In literature, image most often denotes descriptive terms or figurative language used to produce mental impressions in the mind of the reader as well as the impressions themselves. Finally, the term may also be used to mean “idea” or “vision.” A slave living in the antebellum American South, for instance, likely had an image of Canada related not to appearance but to an intellectual and emotional perception of the country as a place of freedom; similarly, one can speak of an artist’s or author’s image of life or suffering to mean his or her conception of it.
FURTHER EXAMPLES: Iconic images include J. Howard Miller’s “Rosie the Riveter” poster (1942) proclaiming “We Can Do It!”; the 1963 snapshot of John F. Kennedy Jr. saluting his father’s coffin as it passed by; the June 1985 National Geographic cover photo by Steve McCurry of a young Afghan girl with piercing green eyes, finally identified in 2002 as Sharbat Gula; and an image that confirmed abuse and torture at Abu Ghraib prison in Iraq by depicting a hooded man standing atop a box, his arms outstretched, with electrical wires attached to his hands (2003).
The following stanza from John Keats’s “Ode to a Nightingale” (1819) demonstrates that images can involve a wide range of sensory perceptions, some of them involving memory:
I cannot see what flowers are at my feet,
Nor what soft incense hangs upon the boughs,
But, in embalmèd darkness, guess each sweet
Wherewith the seasonable month endows
The grass, the thicket, and the fruit-tree wild;
White hawthorn, and the pastoral eglantine;
Fast fading violets cover’d up in leaves;
And mid-May’s eldest child,
The coming musk-rose, full of dewy wine,
The murmurous haunt of flies on summer eves.

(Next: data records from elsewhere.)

definition Sl :: "fsg set" where
  "Sl = {(A, m). is_fsg (A, m) \<and> (\<forall>x\<in>A. m x x = x) \<and> (\<forall>x\<in>A. \<forall>y\<in>A. m x y = m y x)}"

definition LZ :: "fsg set" where
  "LZ = {(A, m). is_fsg (A, m) \<and> (\<forall>x\<in>A. \<forall>y\<in>A. m x y = x)}"

definition RZ :: "fsg set" where
  "RZ = {(A, m). is_fsg (A, m) \<and> (\<forall>x\<in>A. \<forall>y\<in>A. m x y = y)}"

definition LNB :: "fsg set" where
  "LNB = pv_join Sl LZ"

definition malcev :: "fsg set \<Rightarrow> fsg set \<Rightarrow> fsg set" where
  "malcev V W = pv_gen {S. is_fsg S \<and> (\<exists>T h. T \<in> W \<and> sg_hom h S T \<and> h ` fst S = fst T \<and>
      (\<forall>e\<in>fst T. snd T e e = e \<longrightarrow> ({x\<in>fst S. h x = e}, snd S) \<in> V))}"

text \<open>L2bar with e = 0, f = 1, ebar = 2, fbar = 3, Ibar = 4.\<close>
definition L2bar :: fsg where
  "L2bar = ({0,1,2,3,4}, \<lambda>x y. if y \<ge> 2 then y else if x = 4 then y + 2 else x)"

end

theory Submission
  imports Defs "HOL-Library.FuncSet"
begin

text \<open>Collapsing the three barred elements of L2bar to a zero is a homomorphism onto L2 with a
  zero adjoined, a quotient of L2 times a two-element semilattice, with right zero fibres; so L2bar
  lies in the Mal'cev product of RZ and LNB. Conversely, let S map onto a member of LNB with right zero fibres. Every
  member of LNB satisfies xx = x and xyz = xzy, and from this one shows that in S the product of a
  word depends only on its first letter, on the letter y whose last occurrence is leftmost, and on
  the product of the suffix after that occurrence. Evaluations in L2bar detect exactly these data,
  so S satisfies every identity of L2bar and, being finite, is a quotient of a subsemigroup of a
  finite power of L2bar.\<close>

lemma is_fsg_pair: "is_fsg (A, m) \<longleftrightarrow> finite A \<and> A \<noteq> {} \<and> (\<forall>x\<in>A. \<forall>y\<in>A. m x y \<in> A) \<and>
    (\<forall>x\<in>A. \<forall>y\<in>A. \<forall>z\<in>A. m (m x y) z = m x (m y z))"
  by (simp add: is_fsg_def)

lemma sg_prod_pair: "sg_prod (A, m) (B, n) = (prod_encode ` (A \<times> B),
    \<lambda>u v. prod_encode (m (fst (prod_decode u)) (fst (prod_decode v)),
                        n (snd (prod_decode u)) (snd (prod_decode v))))"
  by (simp add: sg_prod_def)

lemma sg_prod_op:
  "snd (sg_prod (A, m) (B, n)) (prod_encode (a, b)) (prod_encode (c, d)) = prod_encode (m a c, n b d)"
  by (simp add: sg_prod_def)

lemma is_fsg_prod: "is_fsg (A, m) \<Longrightarrow> is_fsg (B, n) \<Longrightarrow> is_fsg (sg_prod (A, m) (B, n))"
  unfolding is_fsg_pair sg_prod_pair by auto

lemma is_fsg_subsemigroup:
  assumes "is_fsg (A, m)" "B \<subseteq> A" "B \<noteq> {}" "\<forall>x\<in>B. \<forall>y\<in>B. m x y \<in> B"
  shows "is_fsg (B, m)"
  using assms finite_subset[OF assms(2)] by (simp add: is_fsg_def subset_iff)

lemma sg_hom_iff: "sg_hom h S T \<longleftrightarrow>
    h ` fst S \<subseteq> fst T \<and> (\<forall>x\<in>fst S. \<forall>y\<in>fst S. h (snd S x y) = snd T (h x) (h y))"
  by (cases S, cases T) (simp add: sg_hom_def)

lemma pseudovariety_is_fsg: "pseudovariety V \<Longrightarrow> S \<in> V \<Longrightarrow> is_fsg S"
  by (simp add: pseudovariety_def)

lemma pseudovariety_trivial: "pseudovariety V \<Longrightarrow> ({0}, \<lambda>_ _. 0) \<in> V"
  by (simp add: pseudovariety_def)

lemma pseudovariety_prod: "pseudovariety V \<Longrightarrow> S \<in> V \<Longrightarrow> T \<in> V \<Longrightarrow> sg_prod S T \<in> V"
  by (simp add: pseudovariety_def)

lemma pseudovariety_subsemigroup:
  assumes "pseudovariety V" "(A, m) \<in> V" "B \<subseteq> A" "B \<noteq> {}"
    "\<And>x y. x \<in> B \<Longrightarrow> y \<in> B \<Longrightarrow> m x y \<in> B"
  shows "(B, m) \<in> V"
proof -
  have "\<forall>A m B. (A, m) \<in> V \<longrightarrow> B \<subseteq> A \<longrightarrow> B \<noteq> {} \<longrightarrow>
      (\<forall>x\<in>B. \<forall>y\<in>B. m x y \<in> B) \<longrightarrow> (B, m) \<in> V"
    using assms(1) unfolding pseudovariety_def by (elim conjE)
  then show ?thesis
    using assms(2-5) by simp
qed

lemma pseudovariety_hom_image:
  assumes "pseudovariety V" "S \<in> V" "is_fsg T" "sg_hom h S T" "h ` fst S = fst T"
  shows "T \<in> V"
proof -
  have "\<forall>S\<in>V. \<forall>T h. is_fsg T \<longrightarrow> sg_hom h S T \<longrightarrow> h ` fst S = fst T \<longrightarrow> T \<in> V"
    using assms(1) unfolding pseudovariety_def by (elim conjE)
  then show ?thesis
    using assms(2-5) by blast
qed

lemma pv_gen_eqI:
  assumes "\<And>V. pseudovariety V \<Longrightarrow> D \<subseteq> V \<Longrightarrow> C \<subseteq> V" and "D \<subseteq> C"
  shows "pv_gen C = pv_gen D"
  unfolding pv_gen_def by (rule Collect_cong) (use assms in blast)

lemma pv_gen_hom_image_prod:
  assumes "S \<in> C" "T \<in> C" "is_fsg R" "sg_hom g (sg_prod S T) R" "g ` fst (sg_prod S T) = fst R"
  shows "R \<in> pv_gen C"
  unfolding pv_gen_def
proof (intro CollectI allI impI)
  fix V assume V: "pseudovariety V" and "C \<subseteq> V"
  then have "sg_prod S T \<in> V"
    using assms(1,2) pseudovariety_prod by blast
  then show "R \<in> V"
    using pseudovariety_hom_image[OF V _ assms(3-5)] by blast
qed

section \<open>Evaluation of words\<close>

text \<open>The empty word gets the junk value 0; only nonempty words are evaluated below.\<close>

fun word_eval :: "(nat \<Rightarrow> nat \<Rightarrow> nat) \<Rightarrow> (nat \<Rightarrow> nat) \<Rightarrow> nat list \<Rightarrow> nat" where
  "word_eval m \<sigma> [] = 0"
| "word_eval m \<sigma> [x] = \<sigma> x"
| "word_eval m \<sigma> (x # y # zs) = m (\<sigma> x) (word_eval m \<sigma> (y # zs))"

lemma word_eval_Cons: "u \<noteq> [] \<Longrightarrow> word_eval m \<sigma> (x # u) = m (\<sigma> x) (word_eval m \<sigma> u)"
  by (cases u) auto

lemma word_eval_cong: "(\<And>x. x \<in> set u \<Longrightarrow> \<sigma> x = \<tau> x) \<Longrightarrow> word_eval m \<sigma> u = word_eval m \<tau> u"
  by (induction m \<sigma> u rule: word_eval.induct) auto

lemma word_eval_closed:
  assumes "\<And>x y. x \<in> C \<Longrightarrow> y \<in> C \<Longrightarrow> m x y \<in> C"
  shows "u \<noteq> [] \<Longrightarrow> \<sigma> ` set u \<subseteq> C \<Longrightarrow> word_eval m \<sigma> u \<in> C"
  by (induction u rule: list_nonempty_induct) (auto intro: assms simp: word_eval_Cons)

lemma word_eval_append:
  assumes closed: "\<And>x y. x \<in> C \<Longrightarrow> y \<in> C \<Longrightarrow> m x y \<in> C"
    and assoc: "\<And>x y z. x \<in> C \<Longrightarrow> y \<in> C \<Longrightarrow> z \<in> C \<Longrightarrow> m (m x y) z = m x (m y z)"
  shows "u \<noteq> [] \<Longrightarrow> v \<noteq> [] \<Longrightarrow> \<sigma> ` set u \<subseteq> C \<Longrightarrow> \<sigma> ` set v \<subseteq> C \<Longrightarrow>
    word_eval m \<sigma> (u @ v) = m (word_eval m \<sigma> u) (word_eval m \<sigma> v)"
proof (induction u rule: list_nonempty_induct)
  case (cons x u)
  have "word_eval m \<sigma> ((x # u) @ v) = m (\<sigma> x) (m (word_eval m \<sigma> u) (word_eval m \<sigma> v))"
    using cons by (simp add: word_eval_Cons)
  also have "\<dots> = m (m (\<sigma> x) (word_eval m \<sigma> u)) (word_eval m \<sigma> v)"
    using cons.prems cons.hyps by (intro assoc[symmetric] word_eval_closed[OF closed]) auto
  finally show ?case
    using cons.hyps by (simp add: word_eval_Cons)
qed (simp add: word_eval_Cons)

section \<open>Finite semigroups satisfying the identities of a member of a pseudovariety\<close>

fun sg_power :: "fsg \<Rightarrow> nat \<Rightarrow> fsg" where
  "sg_power L 0 = ({0}, \<lambda>_ _. 0)"
| "sg_power L (Suc k) = sg_prod L (sg_power L k)"

fun tuple_encode :: "nat list \<Rightarrow> nat" where
  "tuple_encode [] = 0"
| "tuple_encode (x # xs) = prod_encode (x, tuple_encode xs)"

lemma tuple_encode_inj:
  "length xs = length ys \<Longrightarrow> tuple_encode xs = tuple_encode ys \<Longrightarrow> xs = ys"
proof (induction xs arbitrary: ys)
  case (Cons x xs)
  then obtain y ys' where "ys = y # ys'"
    by (cases ys) auto
  then show ?case
    using Cons by (auto dest: inj_onD[OF inj_prod_encode, simplified])
qed simp

lemma fst_sg_power:
  "fst (sg_power (C, mul) k) = tuple_encode ` {xs. length xs = k \<and> set xs \<subseteq> C}"
proof (induction k)
  case (Suc k)
  have "tuple_encode ` {xs. length xs = Suc k \<and> set xs \<subseteq> C} =
      prod_encode ` (C \<times> tuple_encode ` {xs. length xs = k \<and> set xs \<subseteq> C})"
    (is "?l = ?r")
  proof (rule equalityI)
    show "?l \<subseteq> ?r"
      by (auto simp: length_Suc_conv)
    show "?r \<subseteq> ?l"
    proof
      fix w assume "w \<in> ?r"
      then obtain x xs where "x \<in> C" "length xs = k" "set xs \<subseteq> C" "w = prod_encode (x, tuple_encode xs)"
        by blast
      then show "w \<in> ?l"
        by (intro image_eqI[of _ _ "x # xs"]) auto
    qed
  qed
  then show ?case
    using Suc by (cases "sg_power (C, mul) k") (simp add: sg_prod_pair)
qed auto

lemma snd_sg_power:
  "length xs = k \<Longrightarrow> length ys = k \<Longrightarrow>
    snd (sg_power (C, mul) k) (tuple_encode xs) (tuple_encode ys) = tuple_encode (map2 mul xs ys)"
proof (induction k arbitrary: xs ys)
  case (Suc k)
  obtain x xs' y ys' where "xs = x # xs'" "ys = y # ys'"
    using Suc.prems by (auto simp: length_Suc_conv)
  then show ?case
    using Suc by (cases "sg_power (C, mul) k") (simp add: sg_prod_op del: sg_prod_def)
qed simp

lemma map2_map_map: "map2 f (map g xs) (map h xs) = map (\<lambda>x. f (g x) (h x)) xs"
  by (induction xs) auto

lemma pseudovariety_sg_power: "pseudovariety W \<Longrightarrow> L \<in> W \<Longrightarrow> sg_power L k \<in> W"
  by (induction k) (simp_all add: pseudovariety_trivial pseudovariety_prod)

In Dai Sijie’s short novel Balzac et la petite tailleuse chinoise (Balzac and the Little Chinese Seamstress) (2000), the protagonist, sent as a teenager to a remote village during China’s Cultural Revolution with his best friend Luo, recalls, “It was all such a long time ago, but one particular image from our stint of re-education is still etched in my memory with extraordinary precision: a red-beaked raven keeping watch as Luo crawled along a narrow track with a yawning chasm on either side.”
In her debut novel Sharp Objects (2006), Gillian Flynn foregrounds the term image in the uneasy thoughts of her protagonist, a young reporter who often uses alcohol to stave off the desire to cut herself: “I’ve always been partial to the image of liquor as lubrication — a layer of protection from all the sharp thoughts in your head.”